text \<open>On the event \<open>n\<^sub>0 \<ge> N - m\<close> bound \<open>n\<^sub>0\<close> by \<open>N\<close>, off it by \<open>N - m\<close>.\<close>
lemma mean_n0_le:
  assumes "a > 0" "m \<le> N" "0 < N"
  shows "mean_n0 N a / real N \<le> (1 - real m / real N) + partfun m a / partfun N a"
proof -
  define f where "f = (\<lambda>n. real (n 0) * boltz a n)"
  define E where "E = {n \<in> configs (m + (N - m)). N - m \<le> n 0}"
  define D where "D = configs N - E"
  have S: "boltz a summable_on configs N" by (rule summable_configs[OF assms(1)])
  have fS: "f summable_on configs N" unfolding f_def by (rule summable_n0_boltz[OF assms(1)])
  have E: "E \<subseteq> configs N" "D \<subseteq> configs N" using assms(2) by (auto simp: E_def D_def)
  have "infsum f (configs N) = infsum f E + infsum f D"
    using E by (subst infsum_Un_disjoint[symmetric])
      (auto intro: summable_on_subset_banach[OF fS] simp: D_def Un_absorb1)
  also have "infsum f E \<le> real N * partfun m a"
  proof -
    have "infsum f E \<le> infsum (\<lambda>n. real N * boltz a n) E"
      using E by (intro infsum_mono summable_on_subset_banach[OF fS] summable_on_cmult_right
          summable_on_subset_banach[OF S]) (auto simp: f_def occupation_le_boltz)
    also have "\<dots> = real N * partfun m a"
      using has_sum_ground_occupation_ge[OF summable_configs[OF assms(1)], of m "N - m"] assms(2)
      by (simp add: infsum_cmult_right' E_def infsumI)
    finally show ?thesis .
  qed
  also have "infsum f D \<le> real (N - m) * partfun N a"
  proof -
    have "infsum f D \<le> infsum (\<lambda>n. real (N - m) * boltz a n) D"
      using E by (intro infsum_mono summable_on_subset_banach[OF fS] summable_on_cmult_right
          summable_on_subset_banach[OF S])
        (auto simp: D_def E_def f_def boltz_pos less_imp_le assms intro!: mult_right_mono)
    also have "\<dots> \<le> real (N - m) * partfun N a"
      unfolding infsum_cmult_right' partfun_def using E
      by (intro mult_left_mono infsum_mono2 summable_on_subset_banach[OF S] S)
        (auto simp: boltz_pos less_imp_le)
    finally show ?thesis .
  qed
  finally have "mean_n0 N a \<le> real N * (partfun m a / partfun N a) + real (N - m)"
    using partfun_pos[OF assms(1), of N] unfolding mean_n0_def f_def[symmetric]
    by (simp add: field_simps)
  then show ?thesis using assms(2,3) by (simp add: field_simps)
qed

context
  fixes a :: "nat \<Rightarrow> real" and m :: "nat \<Rightarrow> nat" and lam :: real
  assumes a_pos: "\<And>N. a N > 0"
    and m_le: "\<And>N. m N \<le> N"
    and lim: "(\<lambda>N. 1 - real (m N) / real N) \<longlonglongrightarrow> lam" and lam_pos: "lam > 0"
    and L_at_top: "filterlim (\<lambda>N. ln (real N) - (1 - (1 - real (m N) / real N) / 2) * real N * a N)
      at_top sequentially"
begin

lemma canon_prob_condensate_tendsto_0:
  "(\<lambda>N. canon_prob N (a N) (\<lambda>n. real (n 0) / real N \<ge> 1 - real (m N) / real N)) \<longlonglongrightarrow> 0"
proof -
  define b where
    "b N = (real N - real (m N) - 1) / 2 * exp (- a N * (real N + real (m N)) / 2)" for N
  have b_eq: "b N = ((1 - real (m N) / real N) - 1 / real N) / 2
      * exp (ln (real N) - (1 - (1 - real (m N) / real N) / 2) * real N * a N)" if "N > 0" for N
  proof -
    have "ln (real N) - (1 - (1 - real (m N) / real N) / 2) * real N * a N
        = ln (real N) + (- a N * (real N + real (m N)) / 2)"
      using that by (simp add: field_simps)
    then have exp_eq: "exp (ln (real N) - (1 - (1 - real (m N) / real N) / 2) * real N * a N)
        = real N * exp (- a N * (real N + real (m N)) / 2)"
      using that by (simp only: exp_add exp_ln of_nat_0_less_iff)
    have "((1 - real (m N) / real N) - 1 / real N) / 2 * real N = (real N - real (m N) - 1) / 2"
      using that by (simp add: field_simps)
    then show ?thesis unfolding b_def exp_eq by (metis mult.assoc)
  qed
  have "(\<lambda>N. ((1 - real (m N) / real N) - 1 / real N) / 2) \<longlonglongrightarrow> (lam - 0) / 2"
    by (intro tendsto_divide tendsto_diff lim lim_1_over_n tendsto_const) simp
  then have "filterlim (\<lambda>N. ((1 - real (m N) / real N) - 1 / real N) / 2
      * exp (ln (real N) - (1 - (1 - real (m N) / real N) / 2) * real N * a N)) at_top sequentially"
    by (rule filterlim_tendsto_pos_mult_at_top)
      (use lam_pos filterlim_compose[OF exp_at_top L_at_top] in auto)
  then have "filterlim b at_top sequentially"
    by (rule filterlim_cong[THEN iffD1, rotated 3])
      (auto intro: eventually_mono[OF eventually_gt_at_top[of 0]] simp: b_eq)
  then have exp_lim: "(\<lambda>N. exp (- b N)) \<longlonglongrightarrow> 0"
    using filterlim_compose[OF exp_at_bot] filterlim_uminus_at_top by blast
  have upper: "\<forall>\<^sub>F N in sequentially.
      canon_prob N (a N) (\<lambda>n. real (n 0) / real N \<ge> 1 - real (m N) / real N) \<le> exp (- b N)"
    using eventually_gt_at_top[of 0]
    by eventually_elim (unfold b_def, rule canon_prob_condensate_le[OF a_pos m_le])
  show ?thesis
    by (rule tendsto_sandwich[OF _ upper tendsto_const exp_lim]) (simp add: canon_prob_nonneg)
qed

lemma limsup_mean_n0_le: "limsup (\<lambda>N. ereal (mean_n0 N (a N) / real N)) \<le> ereal lam"
proof -
  define P where
    "P N = canon_prob N (a N) (\<lambda>n. real (n 0) / real N \<ge> 1 - real (m N) / real N)" for N
  have "\<forall>\<^sub>F N in sequentially.
      ereal (mean_n0 N (a N) / real N) \<le> ereal ((1 - real (m N) / real N) + P N)"
    using eventually_gt_at_top[of 0]
  proof eventually_elim
    case (elim N)
    show ?case
      unfolding ereal_less_eq(3) P_def canon_prob_condensate_eq[OF a_pos m_le elim]
      by (rule mean_n0_le[OF a_pos m_le elim])
  qed
  then have "limsup (\<lambda>N. ereal (mean_n0 N (a N) / real N))
      \<le> limsup (\<lambda>N. ereal ((1 - real (m N) / real N) + P N))"
    by (rule Limsup_mono)
  also have "\<dots> = ereal (lam + 0)"
    using tendsto_add[OF lim canon_prob_condensate_tendsto_0]
    by (intro lim_imp_Limsup) (simp_all add: P_def)
  finally show ?thesis by simp
qed

end

lemma floor_fraction_le:
  assumes "0 \<le> \<epsilon>"
  shows "nat \<lfloor>(1 - \<epsilon>) * real N\<rfloor> \<le> N"
proof -
  have "(1 - \<epsilon>) * real N \<le> real N" using assms by (simp add: algebra_simps)
  from floor_mono[OF this] show ?thesis by simp
qed

lemma one_minus_floor_fraction_tendsto:
  assumes "0 \<le> \<epsilon>" "\<epsilon> \<le> 1"
  shows "(\<lambda>N. 1 - real (nat \<lfloor>(1 - \<epsilon>) * real N\<rfloor>) / real N) \<longlonglongrightarrow> \<epsilon>"
proof (rule tendsto_sandwich[OF _ _ tendsto_const])
  have floor: "(1 - \<epsilon>) * real N - 1 < real (nat \<lfloor>(1 - \<epsilon>) * real N\<rfloor>)"
    "real (nat \<lfloor>(1 - \<epsilon>) * real N\<rfloor>) \<le> (1 - \<epsilon>) * real N" for N
  proof -
    have "real (nat \<lfloor>(1 - \<epsilon>) * real N\<rfloor>) = of_int \<lfloor>(1 - \<epsilon>) * real N\<rfloor>"
      using assms by simp
    then show "(1 - \<epsilon>) * real N - 1 < real (nat \<lfloor>(1 - \<epsilon>) * real N\<rfloor>)"
      "real (nat \<lfloor>(1 - \<epsilon>) * real N\<rfloor>) \<le> (1 - \<epsilon>) * real N"
      by linarith+
  qed
  have lower: "\<epsilon> \<le> 1 - real (nat \<lfloor>(1 - \<epsilon>) * real N\<rfloor>) / real N" if "0 < N" for N
  proof -
    have "real (nat \<lfloor>(1 - \<epsilon>) * real N\<rfloor>) / real N \<le> 1 - \<epsilon>"
      using floor(2)[of N] that by (simp add: divide_le_eq mult.commute)
    then show ?thesis by simp
  qed
  have upper: "1 - real (nat \<lfloor>(1 - \<epsilon>) * real N\<rfloor>) / real N \<le> \<epsilon> + 1 / real N"
    if "0 < N" for N
  proof -
    have "((1 - \<epsilon>) * real N - 1) / real N \<le> real (nat \<lfloor>(1 - \<epsilon>) * real N\<rfloor>) / real N"
      using floor(1)[of N] that by (intro divide_right_mono) auto
    moreover have "((1 - \<epsilon>) * real N - 1) / real N = (1 - \<epsilon>) - 1 / real N"
      using that by (simp add: field_simps)
    ultimately show ?thesis by simp
  qed
  show "\<forall>\<^sub>F N in sequentially. \<epsilon> \<le> 1 - real (nat \<lfloor>(1 - \<epsilon>) * real N\<rfloor>) / real N"
    using eventually_gt_at_top[of 0] by eventually_elim (rule lower)
  show "\<forall>\<^sub>F N in sequentially. 1 - real (nat \<lfloor>(1 - \<epsilon>) * real N\<rfloor>) / real N \<le> \<epsilon> + 1 / real N"
    using eventually_gt_at_top[of 0] by eventually_elim (rule upper)
  show "(\<lambda>N. \<epsilon> + 1 / real N) \<longlonglongrightarrow> \<epsilon>"
    using tendsto_add[OF tendsto_const lim_1_over_n, of \<epsilon>] by simp
qed

lemma mean_n0_tendsto_0:
  fixes a :: "nat \<Rightarrow> real"
  assumes a_pos: "\<And>N. a N > 0"
    and L_at_top: "filterlim (\<lambda>N. ln (real N) - real N * a N) at_top sequentially"
  shows "(\<lambda>N. mean_n0 N (a N) / real N) \<longlonglongrightarrow> 0"
proof -
  have limsup_le: "limsup (\<lambda>N. ereal (mean_n0 N (a N) / real N)) \<le> ereal \<epsilon>"
    if "0 < \<epsilon>" "\<epsilon> \<le> 1" for \<epsilon>
  proof -
    define m where "m N = nat \<lfloor>(1 - \<epsilon>) * real N\<rfloor>" for N
    have m_le: "m N \<le> N" for N
      unfolding m_def using that by (intro floor_fraction_le) simp
    have "ln (real N) - real N * a N
        \<le> ln (real N) - (1 - (1 - real (m N) / real N) / 2) * real N * a N" for N
    proof -
      have "0 \<le> 1 - real (m N) / real N" using m_le[of N] by (auto simp: divide_le_eq_1)
      then have "(1 - (1 - real (m N) / real N) / 2) * (real N * a N) \<le> 1 * (real N * a N)"
        using a_pos[of N] by (intro mult_right_mono) auto
      then show ?thesis by (simp add: mult.assoc)
    qed
    then have L_m: "filterlim (\<lambda>N. ln (real N) - (1 - (1 - real (m N) / real N) / 2) * real N * a N)
        at_top sequentially"
      by (intro filterlim_at_top_mono[OF L_at_top] always_eventually) auto
    have "(\<lambda>N. 1 - real (m N) / real N) \<longlonglongrightarrow> \<epsilon>"
      unfolding m_def using that by (intro one_minus_floor_fraction_tendsto) auto
    from limsup_mean_n0_le[OF a_pos m_le this that(1) L_m] show ?thesis .
  qed
  have "limsup (\<lambda>N. ereal (mean_n0 N (a N) / real N)) \<le> ereal 0"
  proof (rule ereal_le_epsilon2)
    fix e :: real assume "0 < e"
    then have "limsup (\<lambda>N. ereal (mean_n0 N (a N) / real N)) \<le> ereal (min e 1)"
      by (intro limsup_le) auto
    also have "\<dots> \<le> ereal 0 + ereal e" by simp
    finally show "limsup (\<lambda>N. ereal (mean_n0 N (a N) / real N)) \<le> ereal 0 + ereal e" .
  qed
  moreover have "ereal 0 \<le> liminf (\<lambda>N. ereal (mean_n0 N (a N) / real N))"
    by (intro Liminf_bounded always_eventually) (simp add: mean_n0_nonneg)
  ultimately show ?thesis
    by (intro limsup_le_liminf_real) auto
qed
(* Let $n\ge 2$ and $L=2^n+k$ with $0\le k<2^n$. (i) If $0\le k<2^{n-1}$, then among the words of length $L$ in $\mathrm{Sub}_\tau$ there are exactly two right-special words: the suffix of length $L$ of $\tau^n(a)$, whose extensions are by $x$, $y$ and $z$; and the suffix of length $L$ of the word $\tau^{n-2}(a)\,\tau^{n-2}(x)\,\tau^{n-1}(a)$, whose extensions are by $\tau^{n-2}(x)$ and by $\tau^{n-1}(x)$. (ii) If $2^{n-1}\le k<2^n$, then there is exactly one right-special word of length $L$ in $\mathrm{Sub}_\tau$, namely the suffix of length $L$ of $\tau^n(a)$, whose extensions are by $x$, $y$ and $z$.
   Context: Let $\mathcal{A}=\{a,x,y,z\}$ and let $\tau$ be the substitution (monoid morphism on finite words over $\mathcal{A}$) defined by $\tau(a)=axa$, $\tau(x)=y$, $\tau(y)=z$, $\tau(z)=x$; thus $\tau^m(x)$ equals $x$, $y$, $z$ according as $m\equiv 0,1,2 \pmod 3$. For a finite word $w$, $\mathrm{Sub}(w)$ denotes the set of finite (contiguous) subwords of $w$. Let $\mathrm{Sub}_\tau=\bigcup_{s\in\mathcal{A},\,n\in\mathbb{N}\cup\{0\}}\mathrm{Sub}(\tau^n(s))$. For $w\in\mathrm{Sub}_\tau$ and $s\in\mathcal{A}$, $w$ can be extended by $s$ if $ws\in\mathrm{Sub}_\tau$. A word $w\in\mathrm{Sub}_\tau$ is right-special if it can be extended by more than one letter of $\mathcal{A}$. *)

theory Defs
  imports Main "HOL-Library.Sublist"
begin

datatype letter = A | X | Y | Z

fun tau_letter :: "letter \<Rightarrow> letter list" where
  "tau_letter A = [A, X, A]"
| "tau_letter X = [Y]"
| "tau_letter Y = [Z]"
| "tau_letter Z = [X]"

definition tau :: "letter list \<Rightarrow> letter list" where
  "tau w = concat (map tau_letter w)"

definition Sub_tau :: "letter list set" where
  "Sub_tau = {w. \<exists>s n. sublist w ((tau ^^ n) [s])}"

definition extensions :: "letter list \<Rightarrow> letter set" where
  "extensions w = {s. w @ [s] \<in> Sub_tau}"

definition right_special :: "letter list \<Rightarrow> bool" where
  "right_special w \<longleftrightarrow> w \<in> Sub_tau \<and> (\<exists>s t. s \<noteq> t \<and> s \<in> extensions w \<and> t \<in> extensions w)"

definition suffix_len :: "nat \<Rightarrow> 'a list \<Rightarrow> 'a list" where
  "suffix_len L u = drop (length u - L) u"

end

(* The fixed point of tau carries A at every odd position and sigma (omega p) at position 2 p,
   where sigma cycles X, Y, Z and sends A to X. A factor of length at least 3 determines the
   parity of its position, so a factor of length 2 L + b that ends before an even position 2 e is
   the image of the factor of length L ending before e under c |-> sigma c A (preceded by one A
   if b = 1), and its extensions are the sigma-images of those of the shorter factor.
   Right-special factors always end before even positions, as otherwise their only extension
   is A. Halving the length therefore carries right-special factors and their extensions from
   length L to length 2 L + b, and everything reduces to the lengths 4 to 7, which are settled
   by evaluation because every factor of length at most 8 occurs among the first 40 letters. *)

theory Submission
  imports Defs
begin

(* tau [c] = [sigma c] for c \<noteq> A, and sigma A = X is the middle letter of tau [A]. *)
fun sigma :: "letter \<Rightarrow> letter" where
  "sigma A = X" | "sigma X = Y" | "sigma Y = Z" | "sigma Z = X"

lemma sigma_neq_A [simp]: "sigma c \<noteq> A"
  by (cases c) auto

lemma funpow_sigma_neq_A: "c \<noteq> A \<Longrightarrow> (sigma ^^ n) c \<noteq> A"
  by (induction n) auto

lemma sigma_eq_iff: "c \<noteq> A \<Longrightarrow> d \<noteq> A \<Longrightarrow> sigma c = sigma d \<longleftrightarrow> c = d"
  by (cases c; cases d) auto

lemma sigma_eq_X_iff: "sigma c = X \<longleftrightarrow> c = A \<or> c = Z"
  by (cases c) auto

lemma sigma_eq_Z_iff: "sigma c = Z \<longleftrightarrow> c = Y"
  by (cases c) auto

(* omega p is the p-th letter, counting from 1, of the fixed point of tau; omega 0 = A is junk. *)
function omega :: "nat \<Rightarrow> letter" where
  "omega p = (if p = 0 \<or> odd p then A else sigma (omega (p div 2)))"
  by auto
termination by (relation "measure id") auto

declare omega.simps [simp del]

lemma omega_0 [simp]: "omega 0 = A"
  by (simp add: omega.simps)

lemma omega_odd: "odd p \<Longrightarrow> omega p = A"
  by (simp add: omega.simps)

lemma omega_double: "0 < p \<Longrightarrow> omega (2 * p) = sigma (omega p)"
  by (subst omega.simps) simp

lemma omega_eq_A_iff: "0 < p \<Longrightarrow> omega p = A \<longleftrightarrow> odd p"
  by (cases "odd p") (auto simp: omega_odd omega_double elim!: evenE)

lemma omega_pow2: "omega (2 ^ N) = (sigma ^^ N) A"
  by (induction N) (simp_all add: omega_odd omega_double)

lemma omega_periodic: "0 < i \<Longrightarrow> i < 2 ^ N \<Longrightarrow> omega (2 ^ N * t + i) = omega i"
proof (induction N arbitrary: i)
  case (Suc N)
  show ?case
  proof (cases "odd i")
    case True
    then show ?thesis by (simp add: omega_odd)
  next
    case False
    then obtain j where j: "i = 2 * j" by blast
    with Suc.prems have "0 < j" "j < 2 ^ N" by auto
    have double: "2 ^ Suc N * t + i = 2 * (2 ^ N * t + j)" using j by simp
    have "omega (2 ^ Suc N * t + i) = sigma (omega (2 ^ N * t + j))"
      unfolding double using \<open>0 < j\<close> by (intro omega_double) simp
    also have "\<dots> = sigma (omega j)" using Suc.IH[OF \<open>0 < j\<close> \<open>j < 2 ^ N\<close>] by simp
    also have "\<dots> = omega i" using j \<open>0 < j\<close> by (simp add: omega_double)
    finally show ?thesis .
  qed
qed simp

--- Assignment ---
Each line from the one with "then obtain j" through the end of the records above should be written out exactly. No other line should appear.

--- Exercise answer ---
    then obtain j where j: "i = 2 * j" by blast
    with Suc.prems have "0 < j" "j < 2 ^ N" by auto
    have double: "2 ^ Suc N * t + i = 2 * (2 ^ N * t + j)" using j by simp
    have "omega (2 ^ Suc N * t + i) = sigma (omega (2 ^ N * t + j))"
      unfolding double using \<open>0 < j\<close> by (intro omega_double) simp
    also have "\<dots> = sigma (omega j)" using Suc.IH[OF \<open>0 < j\<close> \<open>j < 2 ^ N\<close>] by simp
    also have "\<dots> = omega i" using j \<open>0 < j\<close> by (simp add: omega_double)
    finally show ?thesis .
  qed
qed simp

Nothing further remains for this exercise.